Life is okay...there’s sunshine but sometimes the clouds just appear out from nowhere...and gosh I hate that days. Work is so-so. The office politics really make me Waaayy too sick...then on tuesday I was really sick . Had light fever and bitten by anonymous flu bug which I end up drugged almost every night. so it's a "blue" week for me. I managed to decline n asignment out of the town this time after giving much thoughts about it. hey i got my work schedule. i did go for my asignment to Sarawak last time. so now, it's someone else's turn. she agreed to take it since last 2 weeks..suddenly she changes her mind just because her best friend was not going. how selfish could it be! yes..the best friend IS my Boss and even worse I AM new. who cares? i just going to put a straight face and say NO. couldnt be bother with the flight ticket provided..send me a private jet and i go :)Yes, I was...i mean I am pretty much pissed off with my seniors. Better keep my tongue tied and just do my work. Now since I’m illigible to apply for a post in the colleges, I’ll do that a.s.a.p. nice to be able to hop to a new environment. Of course the adapting process will be challenging. My current job is amazing, others are fighting to get this position but I guess it’s not my cup of tea at all...well..just a bit. i couldnt lie about my interest. but with these waaayyy too fickel minded people who dont practise what they preech, i started to think of other options.
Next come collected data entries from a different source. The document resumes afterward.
(* Let $n>0$ and let $u$ be a weak solution of $(\mathbb P)$ obtained as the limit of a subsequence of positive classical solutions $u_\epsilon$ of $(\mathbb P_\epsilon)$. Let $\Psi$ be a nonempty subset of $(\tfrac12-n,\,2-n)$. Suppose that for every $\alpha\in\Psi$ and every $T>0$ there exist constants $c_1,c_2,\delta>0$, not depending on $\epsilon$, such that for every $\gamma$ with $\frac{1+n+\alpha}{3}\le\gamma\le\frac{1+n+\alpha}{3}+\delta$, $$\int_{Q_T}u_\epsilon^{\alpha+n-2\gamma+1}\big((u_\epsilon^\gamma)_{xx}\big)^2\,dx\,dt\le c_1,\qquad \int_{Q_T}u_\epsilon^{\alpha+n-3}(u_\epsilon)_x^4\,dx\,dt\le c_2.$$ Then for almost every $t>0$, $u^{1/\beta}(\cdot,t)\in C^1([-a,a])$ for all $\beta\in\big(0,\frac{3}{n+\inf\Psi+1}\big)$.
   Context: Notation: $\Omega=(-a,a)$, $Q_T=\Omega\times(0,T)$. Problem $(\mathbb P)$: $u_t+\big(u^n(u_{xxx}+\nu u^{m-n}u_x-Au^{M-n}u_x)\big)_x=0$ in $\Omega\times(0,\infty)$ with $\nu=\pm1$, $A\ge0$, $m<M$; $u_x(\pm a,t)=u_{xxx}(\pm a,t)=0$ whenever $u(\pm a,t)\ne0$; $u(x,0)=u_0(x)$, $u_0\in H^1(\Omega)$, $u_0\ge0$, $u_0\not\equiv0$. Weak solutions are nonnegative Hölder continuous functions in $L^\infty(0,\infty;H^1(\Omega))$ satisfying the equation in the integral sense. Regularized problem $(\mathbb P_\epsilon)$: same equation with $u^n$ replaced by $f_\epsilon(u)=|u|^{n+4}/(\epsilon|u|^n+u^4)$, boundary conditions $u_x=u_{xxx}=0$ at $x=\pm a$, smooth positive initial data $u_{0\epsilon}\ge u_0+\epsilon^\theta$ converging to $u_0$ in $H^1(\Omega)$. "Obtained as the limit of a subsequence" means $u_{\epsilon_k}\to u$ uniformly on $\overline Q_T$ for every $T$, $\epsilon_k\to0$. *)

theory Defs
  imports "HOL-Analysis.Analysis"
begin
lemma perm_cycles_perm_conj:
  assumes "\<tau> permutes {..<n}"
  shows "perm_cycles (perm_conj \<tau> \<sigma>) n = (\<lambda>c. \<tau> ` c) ` perm_cycles \<sigma> n"
proof -
  have "perm_cycles (perm_conj \<tau> \<sigma>) n = perm_orbit (perm_conj \<tau> \<sigma>) ` \<tau> ` {..<n}"
    unfolding perm_cycles_def permutes_image[OF assms] ..
  then show ?thesis
    unfolding perm_cycles_def image_comp by (simp add: comp_def perm_orbit_perm_conj[OF assms])
qed

lemma inj_image_permutes: "\<tau> permutes S \<Longrightarrow> inj (\<lambda>c. \<tau> ` c)"
  by (meson inj_image_eq_iff injI permutes_inj)

lemma card_perm_cycles_perm_conj:
  assumes "\<tau> permutes {..<n}"
  shows "card (perm_cycles (perm_conj \<tau> \<sigma>) n) = card (perm_cycles \<sigma> n)"
  using inj_image_permutes[OF assms]
  by (simp add: perm_cycles_perm_conj[OF assms] card_image inj_on_subset)

lemma card_cycles_of_size_perm_conj:
  assumes "\<tau> permutes {..<n}"
  shows "card {c \<in> perm_cycles (perm_conj \<tau> \<sigma>) n. card c = j} = card {c \<in> perm_cycles \<sigma> n. card c = j}"
proof -
  have "card (\<tau> ` c) = card c" for c
    using permutes_inj[OF assms] by (simp add: card_image inj_on_subset)
  then have "{c \<in> perm_cycles (perm_conj \<tau> \<sigma>) n. card c = j} = (\<lambda>c. \<tau> ` c) ` {c \<in> perm_cycles \<sigma> n. card c = j}"
    using perm_cycles_perm_conj[OF assms] by auto
  then show ?thesis
    using inj_image_permutes[OF assms] by (simp add: card_image inj_on_subset)
qed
Doing research is good but teaching is Waayy too great. However I couldn’t imagine myself going back to schools. Not until the whole system be “washed”. What could be worse than going to “useless” courses on weekends...okay, enough of my blabbering. From now I just take life as it is. Just imagine me giving a “sidekick” to thosewho are making my life miserable.

Next story, my weight gain is wayyyyyy unhealthy. I gained 10 kg in 6 months. I wonder where the mistake is. Okay let me list down…I was eating anything I ever want, too much of sweet stuff, lack of exercise, long hours of hibernation, double meals. Wait, I have better explanation, I could not resist from my own cook. I was cooking way to GOOD...hahaha (giving my head a knock…yeah right!) the constant travel and staying in hotels making me stuffing myself with…whatever.
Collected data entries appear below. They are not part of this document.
(* Let $G=(V,E)$ be a DAG and $ij\in E$. If $A\subseteq V$ is identifying for the edge $ij$, i.e. $\lambda_{ij|A}(\phi_G(\Omega,\Lambda))=\lambda_{ij}$ for all parameters $(\Omega,\Lambda)$, then $i\in A\subseteq V\setminus\overline{\mathrm{de}}(j)$.
   Context: $G=(V,E)$ is a DAG, edges $i\to j$ written $ij$; $\mathrm{de}(j)$ descendants of $j$ (excluding $j$), $\overline{\mathrm{de}}(j)=\{j\}\cup\mathrm{de}(j)$. Parameters: $\Omega=\mathrm{diag}(\omega_i)$ with $\omega_i>0$, $\Lambda=(\lambda_{ij})$ with $\lambda_{ij}=0$ for $ij\notin E$. $\phi_G(\Omega,\Lambda)=(I-\Lambda)^{-T}\Omega(I-\Lambda)^{-1}$. $\Sigma_A$ principal submatrix; for $K\subseteq V$ and $i,j$, $\Sigma_{ij|K}$ the submatrix with rows $(i,K)$ and columns $(j,K)$ (if $j\in K$ it has a repeated column); $\lambda_{ij|A}(\Sigma)=|\Sigma_{ij|A\setminus\{i\}}|/|\Sigma_A|$. *)

theory Defs
  imports "Jordan_Normal_Form.Gauss_Jordan_Elimination" "Jordan_Normal_Form.Determinant"
begin

definition is_dag :: "nat \<Rightarrow> (nat \<times> nat) set \<Rightarrow> bool" where
  "is_dag n E \<longleftrightarrow> E \<subseteq> {0..<n} \<times> {0..<n} \<and> acyclic E"

definition de :: "(nat \<times> nat) set \<Rightarrow> nat \<Rightarrow> nat set" where
  "de E j = {k. (j, k) \<in> E\<^sup>+}"

definition de_bar :: "(nat \<times> nat) set \<Rightarrow> nat \<Rightarrow> nat set" where
  "de_bar E j = insert j (de E j)"

text \<open>Parameters: Omega given by its diagonal, Lambda an n x n matrix supported on E.\<close>
definition is_param :: "nat \<Rightarrow> (nat \<times> nat) set \<Rightarrow> (nat \<Rightarrow> real) \<Rightarrow> real mat \<Rightarrow> bool" where
  "is_param n E \<omega> \<Lambda> \<longleftrightarrow> (\<forall>i<n. \<omega> i > 0) \<and> \<Lambda> \<in> carrier_mat n n \<and>
     (\<forall>i<n. \<forall>j<n. (i, j) \<notin> E \<longrightarrow> \<Lambda> $$ (i, j) = 0)"

definition mat_inv :: "real mat \<Rightarrow> real mat" where
  "mat_inv A = the (mat_inverse A)"

definition phi :: "nat \<Rightarrow> (nat \<Rightarrow> real) \<Rightarrow> real mat \<Rightarrow> real mat" where
  "phi n \<omega> \<Lambda> = transpose_mat (mat_inv (1\<^sub>m n - \<Lambda>)) * mat n n (\<lambda>(i, j). if i = j then \<omega> i else 0)
                 * mat_inv (1\<^sub>m n - \<Lambda>)"

definition sub_mat :: "real mat \<Rightarrow> nat list \<Rightarrow> nat list \<Rightarrow> real mat" where
  "sub_mat S rs cs = mat (length rs) (length cs) (\<lambda>(a, b). S $$ (rs ! a, cs ! b))"

definition princ_sub :: "real mat \<Rightarrow> nat set \<Rightarrow> real mat" where
  "princ_sub S A = sub_mat S (sorted_list_of_set A) (sorted_list_of_set A)"

definition cond_sub :: "real mat \<Rightarrow> nat \<Rightarrow> nat \<Rightarrow> nat set \<Rightarrow> real mat" where
  "cond_sub S i j K = sub_mat S (i # sorted_list_of_set K) (j # sorted_list_of_set K)"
homecooked meal is wonderful but eating excessive bread is plumping me. i love bread so much, more than rice or pasta. the best part is, i am destined to marry a bread-eater. too much carbs. i'm like a bun with extra dose of yeast.

So last 2 weeks...i decided, enough is enough. I have reached the heaviest moment in my life and my cholesterol level is not looking good. Still below the "dangerous" line but I rather take early precaution. So here am i...eating lightly. I avoid the oily food and sweet snacks. The calorie count is actually helping. I’m trying to consume 1200 calorie per day and 30 minutes of exercise. I better make full use of my bigest investment so far by buying the cross trainer. I’m happy with the result. Slow but there’s always progress. better make it permenent.

I tried the cabbage soup but couldn’t hold on to it. Wayyyy too little food and made me tired and I have flu since Monday. i'm sick of the cabbage soup and guess what, my favourite day is the "banana" day...other days I felt like my brain stops thinking will eat healthily and keep on watching my calorie. NO MEAL after 5. Fruits are okay. Hey, I’m not going to starve myself...i wont, never will. I just want to be healthy.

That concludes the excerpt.